→ **What you need to do**:
Would you filter the listing below so that only lines with the word "forall" remain?
*****
section \<open>Computability of the root\<close>

lemma fmem_poly_value_test:
  assumes "0 < n"
    and a: "\<And>i. i \<le> k \<Longrightarrow> fmem_int F n (a i)"
    and b: "\<And>i. i \<le> k \<Longrightarrow> fmem F n (b i)" "\<And>i xs. i \<le> k \<Longrightarrow> length xs = n \<Longrightarrow> 0 < b i xs"
    and w: "fmem_int F n w"
    and N: "fmem F n N" "\<And>xs. length xs = n \<Longrightarrow> 0 < N xs"
    and K: "fmem F n K" "\<And>xs. length xs = n \<Longrightarrow> 0 < K xs"
  obtains t where "fmem F n t"
    "\<And>xs. length xs = n \<Longrightarrow> t xs = 0 \<longleftrightarrow>
       \<bar>\<Sum>i\<le>k. real_of_int (a i xs) / real (b i xs) * (real_of_int (w xs) / real (N xs)) ^ (k - i)\<bar>
         \<le> 1 / real (K xs)"
proof -
  define Z where "Z xs = (\<Sum>i\<le>k. a i xs * (\<Prod>l\<in>{..k} - {i}. int (b l xs)) * w xs ^ (k - i) * int (N xs) ^ i)" for xs
  define W where "W xs = (\<Prod>l\<le>k. int (b l xs)) * int (N xs) ^ k" for xs
  have "fmem_int F n (\<lambda>xs. (Z xs * int (K xs))\<^sup>2 - (W xs)\<^sup>2)"
    unfolding Z_def W_def using \<open>0 < n\<close>
    by (intro fmem_int_diff fmem_int_power fmem_int_mult fmem_int_sum fmem_int_prod
        fmem_int_of_nat a b w N K) auto
  then obtain t where "fmem F n t"
    and t: "\<And>xs. length xs = n \<Longrightarrow> t xs = 0 \<longleftrightarrow> (Z xs * int (K xs))\<^sup>2 - (W xs)\<^sup>2 \<le> 0"
    using fmem_int_nonpos_test by blast
  have "t xs = 0 \<longleftrightarrow>
       \<bar>\<Sum>i\<le>k. real_of_int (a i xs) / real (b i xs) * (real_of_int (w xs) / real (N xs)) ^ (k - i)\<bar>
         \<le> 1 / real (K xs)" if "length xs = n" for xs
  proof -
    have "0 < W xs"
      unfolding W_def using b(2) N(2) that by (auto intro!: prod_pos mult_pos_pos zero_less_power)
    moreover have "(\<Sum>i\<le>k. real_of_int (a i xs) / real (b i xs) * (real_of_int (w xs) / real (N xs)) ^ (k - i))
        = real_of_int (Z xs) / real_of_int (W xs)"
      unfolding Z_def W_def using b(2) N(2) that
      by (subst sum_divide_common_denominator) (auto simp: less_imp_neq[symmetric])
    ultimately show ?thesis
      using t[OF that] abs_quotient_le_inverse_iff[of "W xs" "int (K xs)" "Z xs"] K(2)[OF that] by simp
  qed
  with \<open>fmem F n t\<close> show ?thesis
    by (rule that)
qed

lemma fmem_grid_test:
  assumes a: "\<And>i. i \<le> k \<Longrightarrow> fmem_int F 1 (a i)" and d: "\<And>i. i \<le> k \<Longrightarrow> fmem F 1 (d i)"
    and s: "fmem F 1 (\<lambda>xs. s (xs ! 0))" "\<And>n. 0 < s n"
    and K: "fmem F 1 (\<lambda>xs. K (xs ! 0))" "\<And>n. 0 < K n"
    and "0 < D"
  obtains t where "fmem F 2 t" "\<And>n j. t [n, j] = 0 \<longleftrightarrow>
    \<bar>\<Sum>i\<le>k. real_of_int (a i [s n]) / (real (d i [s n]) + 1) * grid_point x D (s n) j ^ (k - i)\<bar>
      \<le> 1 / real (K n)"
proof -
  have first: "fmem F 2 (\<lambda>xs. f (xs ! 0))" if "fmem F 1 (\<lambda>xs. f (xs ! 0))" for f
    using fmem_comp1[OF that fmem_proj[of 0 2]] by simp
  obtain t where "fmem F 2 t" and t: "\<And>xs. length xs = 2 \<Longrightarrow> t xs = 0 \<longleftrightarrow>
       \<bar>\<Sum>i\<le>k. real_of_int (a i [s (xs ! 0)]) / real (d i [s (xs ! 0)] + 1) *
         (real_of_int (\<lfloor>x * real D\<rfloor> * int (s (xs ! 0)) + int (xs ! 1)) / real (D * s (xs ! 0))) ^ (k - i)\<bar>
         \<le> 1 / real (K (xs ! 0))"
  proof (rule fmem_poly_value_test)
    show "fmem_int F 2 (\<lambda>xs. a i [s (xs ! 0)])" if "i \<le> k" for i
      by (rule fmem_int_comp1[OF a[OF that] first[OF s(1)]])
    show "fmem F 2 (\<lambda>xs. d i [s (xs ! 0)] + 1)" if "i \<le> k" for i
      by (rule fmem_add[OF fmem_comp1[OF d[OF that] first[OF s(1)]] fmem_const]) simp
    have "fmem_int F 2 (\<lambda>xs. int (s (xs ! 0)))" "fmem_int F 2 (\<lambda>xs. int (xs ! 1))"
      using fmem_int_of_nat[OF _ first[OF s(1)]] fmem_int_of_nat[OF _ fmem_proj[of 1 2]]
      by simp_all
    then show "fmem_int F 2 (\<lambda>xs. \<lfloor>x * real D\<rfloor> * int (s (xs ! 0)) + int (xs ! 1))"
      using fmem_int_const by (simp add: fmem_int_add fmem_int_mult)
    show "fmem F 2 (\<lambda>xs. D * s (xs ! 0))"
      by (rule fmem_mult[OF fmem_const first[OF s(1)]]) simp
    show "fmem F 2 (\<lambda>xs. K (xs ! 0))"
      by (rule first[OF K(1)])
    show "0 < D * s (xs ! 0)" "0 < K (xs ! 0)" for xs :: "nat list"
      using \<open>0 < D\<close> s(2) K(2) by simp_all
  qed simp_all
  have "t [n, j] = 0 \<longleftrightarrow>
    \<bar>\<Sum>i\<le>k. real_of_int (a i [s n]) / (real (d i [s n]) + 1) * grid_point x D (s n) j ^ (k - i)\<bar>
      \<le> 1 / real (K n)" for n j
    using t[of "[n, j]"] unfolding grid_point_def by (simp add: add.commute)
  with \<open>fmem F 2 t\<close> show ?thesis
    by (rule that)
qed

lemma F_computable_by_grid_search:
  assumes "closed_minimizer F" "fmem F 2 t"
    and s: "fmem F 1 (\<lambda>xs. s (xs ! 0))" "\<And>n. 0 < s n"
    and "0 < D"
    and close: "\<And>n. \<bar>grid_point x D (s n) (LEAST j. t [n, j] = 0 \<or> j = s n) - x\<bar> \<le> 1 / (real n + 1)"
  shows "F_computable F x"
proof -
  have "fmem F 2 (minimizer t)"
    using assms(1,2) unfolding closed_minimizer_def by (metis Suc_1)
  from fmem_comp2[OF this fmem_proj[of 0 1] s(1)]
  have search: "fmem F 1 (\<lambda>xs. minimizer t [xs ! 0, s (xs ! 0)])"
    by simp
  have "minimizer t [n, s n] = (LEAST j. t [n, j] = 0 \<or> j = s n)" for n
    unfolding minimizer_def by simp
  then have close': "\<bar>real_of_int (\<lfloor>x * real D\<rfloor> * int (s ([n] ! 0)) + int (minimizer t [[n] ! 0, s ([n] ! 0)]))
      / real (D * s ([n] ! 0)) - x\<bar> \<le> 1 / (real n + 1)" for n
    using close[of n] unfolding grid_point_def by simp
  have "fmem_int F 1 (\<lambda>xs. \<lfloor>x * real D\<rfloor> * int (s (xs ! 0)) + int (minimizer t [xs ! 0, s (xs ! 0)]))"
    by (intro fmem_int_add fmem_int_mult fmem_int_const fmem_int_of_nat search s) simp_all
  moreover have "fmem F 1 (\<lambda>xs. D * s (xs ! 0))"
    by (intro fmem_mult fmem_const s) simp
  moreover have "0 < D * s ([n] ! 0)" for n
    using \<open>0 < D\<close> s(2) by simp
  ultimately show ?thesis
    by (rule F_computable_intI[OF _ _ _ close'])
qed

lemma F_computable_root_of_local_bounds:
  fixes \<alpha> :: "nat \<Rightarrow> real" and p :: "real poly"
  assumes "closed_minimizer F"
    and a: "\<And>i. i \<le> k \<Longrightarrow> fmem_int F 1 (a i)" and d: "\<And>i. i \<le> k \<Longrightarrow> fmem F 1 (d i)"
    and coeffs: "\<And>i n. i \<le> k \<Longrightarrow>
      \<bar>real_of_int (a i [n]) / (real (d i [n]) + 1) - \<alpha> i\<bar> \<le> 1 / (real n + 1)"
    and p: "\<And>y. poly p y = (\<Sum>i\<le>k. \<alpha> i * y ^ (k - i))"
    and lower: "\<And>y. \<bar>y - x\<bar> \<le> \<delta> \<Longrightarrow> c * \<bar>y - x\<bar> ^ m \<le> \<bar>poly p y\<bar>"
    and upper: "\<And>y. \<bar>y - x\<bar> \<le> 1 \<Longrightarrow> \<bar>poly p y\<bar> \<le> C * \<bar>y - x\<bar>"
    and "0 < m" "0 < c" "0 \<le> C" "0 < \<delta>" "\<delta> \<le> 1"
  shows "F_computable F x"
proof -
  obtain D :: nat where "0 < D" "1 / real D \<le> \<delta>"
    using ex_inverse_of_nat_less[OF \<open>0 < \<delta>\<close>] by (auto simp: inverse_eq_divide)
  obtain R L where "0 < R" "0 < L"
    and C_small: "\<And>w. 1 \<le> w \<Longrightarrow> C / (real L * w) \<le> 1 / (2 * (real R * w))"
    and E_small: "\<And>w. 1 \<le> w \<Longrightarrow>
      (real k + 1) * (\<bar>x\<bar> + 1) ^ k / (real L * w + 1) \<le> 1 / (2 * (real R * w))"
    and c_large: "\<And>w. 0 < w \<Longrightarrow> 2 / (real R * w) \<le> c / w"
    using grid_parameters[OF \<open>0 < c\<close> \<open>0 \<le> C\<close>, of "(real k + 1) * (\<bar>x\<bar> + 1) ^ k"] by auto
  define s where "s n = L * (n + 1) ^ m" for n
  define K where "K n = R * (n + 1) ^ m" for n
  have s: "fmem F 1 (\<lambda>xs. s (xs ! 0))" "\<And>n. 0 < s n"
    unfolding s_def using fmem_const_times_power \<open>0 < L\<close> by simp_all
  have K: "fmem F 1 (\<lambda>xs. K (xs ! 0))" "\<And>n. 0 < K n"
    unfolding K_def using fmem_const_times_power \<open>0 < R\<close> by simp_all
  obtain t where "fmem F 2 t" and t: "\<And>n j. t [n, j] = 0 \<longleftrightarrow>
      \<bar>\<Sum>i\<le>k. real_of_int (a i [s n]) / (real (d i [s n]) + 1) * grid_point x D (s n) j ^ (k - i)\<bar>
        \<le> 1 / real (K n)"
    using fmem_grid_test[where k = k and a = a and d = d and x = x, OF a d s K \<open>0 < D\<close>] by blast
  have upper': "\<bar>\<Sum>i\<le>k. \<alpha> i * y ^ (k - i)\<bar> \<le> C * \<bar>y - x\<bar>" if "\<bar>y - x\<bar> \<le> \<delta>" for y
    using upper[of y] that \<open>\<delta> \<le> 1\<close> unfolding p by simp
  show ?thesis
  proof (rule F_computable_by_grid_search[OF assms(1) \<open>fmem F 2 t\<close> s \<open>0 < D\<close>])
    fix n
    define w where "w = (real n + 1) ^ m"
    have "1 \<le> w"
      unfolding w_def by simp
    have sK: "real (s n) = real L * w" "real (K n) = real R * w"
      unfolding s_def K_def w_def by (simp_all add: add.commute)
    have E: "(real k + 1) * (\<bar>x\<bar> + 1) ^ k * (1 / (real (s n) + 1)) \<le> 1 / (2 * real (K n))"
      using E_small[OF \<open>1 \<le> w\<close>] unfolding sK by simp
    have C: "C / real (s n) \<le> 1 / (2 * real (K n))"
      using C_small[OF \<open>1 \<le> w\<close>] unfolding sK .
    have c: "2 / real (K n) \<le> c * (1 / (real n + 1)) ^ m"
      using c_large[of w] \<open>1 \<le> w\<close> unfolding sK by (simp add: w_def power_divide)
    show "\<bar>grid_point x D (s n) (LEAST j. t [n, j] = 0 \<or> j = s n) - x\<bar> \<le> 1 / (real n + 1)"
      unfolding t
      by (rule grid_search_perturbed_poly[OF lower[unfolded p] upper' coeffs[of _ "s n"] E \<open>\<delta> \<le> 1\<close>
            \<open>0 < m\<close> \<open>0 < c\<close> \<open>0 \<le> C\<close> _ _ \<open>0 < D\<close> \<open>1 / real D \<le> \<delta>\<close> s(2) C c])
        (simp_all add: K(2))
  qed
qed

end

theorem mainTheorem13:
  fixes F :: fclass and k :: nat and \<alpha> :: "nat \<Rightarrow> real" and x :: real
  assumes "standard_conditions F"
    and "closed_minimizer F"
    and "\<alpha> 0 \<noteq> 0"
    and "\<forall>i\<le>k. F_computable F (\<alpha> i)"
    and "(\<Sum>i\<le>k. \<alpha> i * x ^ (k - i)) = 0"
  shows "F_computable F x"
proof -
  obtain p :: "real poly" where "p \<noteq> 0" and p: "\<And>y. poly p y = (\<Sum>i\<le>k. \<alpha> i * y ^ (k - i))"
    using poly_descending_coeffs[where \<alpha> = \<alpha> and k = k, OF assms(3)] by blast
  have "poly p x = 0"
    using assms(5) p by simp
  obtain m c \<delta> where "0 < m" "0 < c" "0 < \<delta>" "\<delta> \<le> 1"
    and lower: "\<And>y. \<bar>y - x\<bar> \<le> \<delta> \<Longrightarrow> c * \<bar>y - x\<bar> ^ m \<le> \<bar>poly p y\<bar>"
    using poly_lower_bound_near_root[OF \<open>p \<noteq> 0\<close> \<open>poly p x = 0\<close>] by blast
  obtain C where "0 \<le> C" and upper: "\<And>y. \<bar>y - x\<bar> \<le> 1 \<Longrightarrow> \<bar>poly p y\<bar> \<le> C * \<bar>y - x\<bar>"
    using poly_upper_bound_near_root[OF \<open>poly p x = 0\<close>] by blast
  have "\<forall>i\<le>k. \<exists>a d. fmem_int F 1 a \<and> fmem F 1 d \<and>
      (\<forall>n. \<bar>real_of_int (a [n]) / (real (d [n]) + 1) - \<alpha> i\<bar> \<le> 1 / (real n + 1))"
    using assms(4) by (simp add: F_computable_iff_fmem_int)
  then obtain a d where a: "\<And>i. i \<le> k \<Longrightarrow> fmem_int F 1 (a i)" and d: "\<And>i. i \<le> k \<Longrightarrow> fmem F 1 (d i)"
    and coeffs: "\<And>i n. i \<le> k \<Longrightarrow>
      \<bar>real_of_int (a i [n]) / (real (d i [n]) + 1) - \<alpha> i\<bar> \<le> 1 / (real n + 1)"
    by metis
  show ?thesis
    by (rule F_computable_root_of_local_bounds[OF assms(1,2) a d coeffs p lower upper])
      (use \<open>0 < m\<close> \<open>0 < c\<close> \<open>0 \<le> C\<close> \<open>0 < \<delta>\<close> \<open>\<delta> \<le> 1\<close> in auto)
qed

end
*****
→ **Response**:
    and "\<forall>i\<le>k. F_computable F (\<alpha> i)"
  have "\<forall>i\<le>k. \<exists>a d. fmem_int F 1 a \<and> fmem F 1 d \<and>
      (\<forall>n. \<bar>real_of_int (a [n]) / (real (d [n]) + 1) - \<alpha> i\<bar> \<le> 1 / (real n + 1))"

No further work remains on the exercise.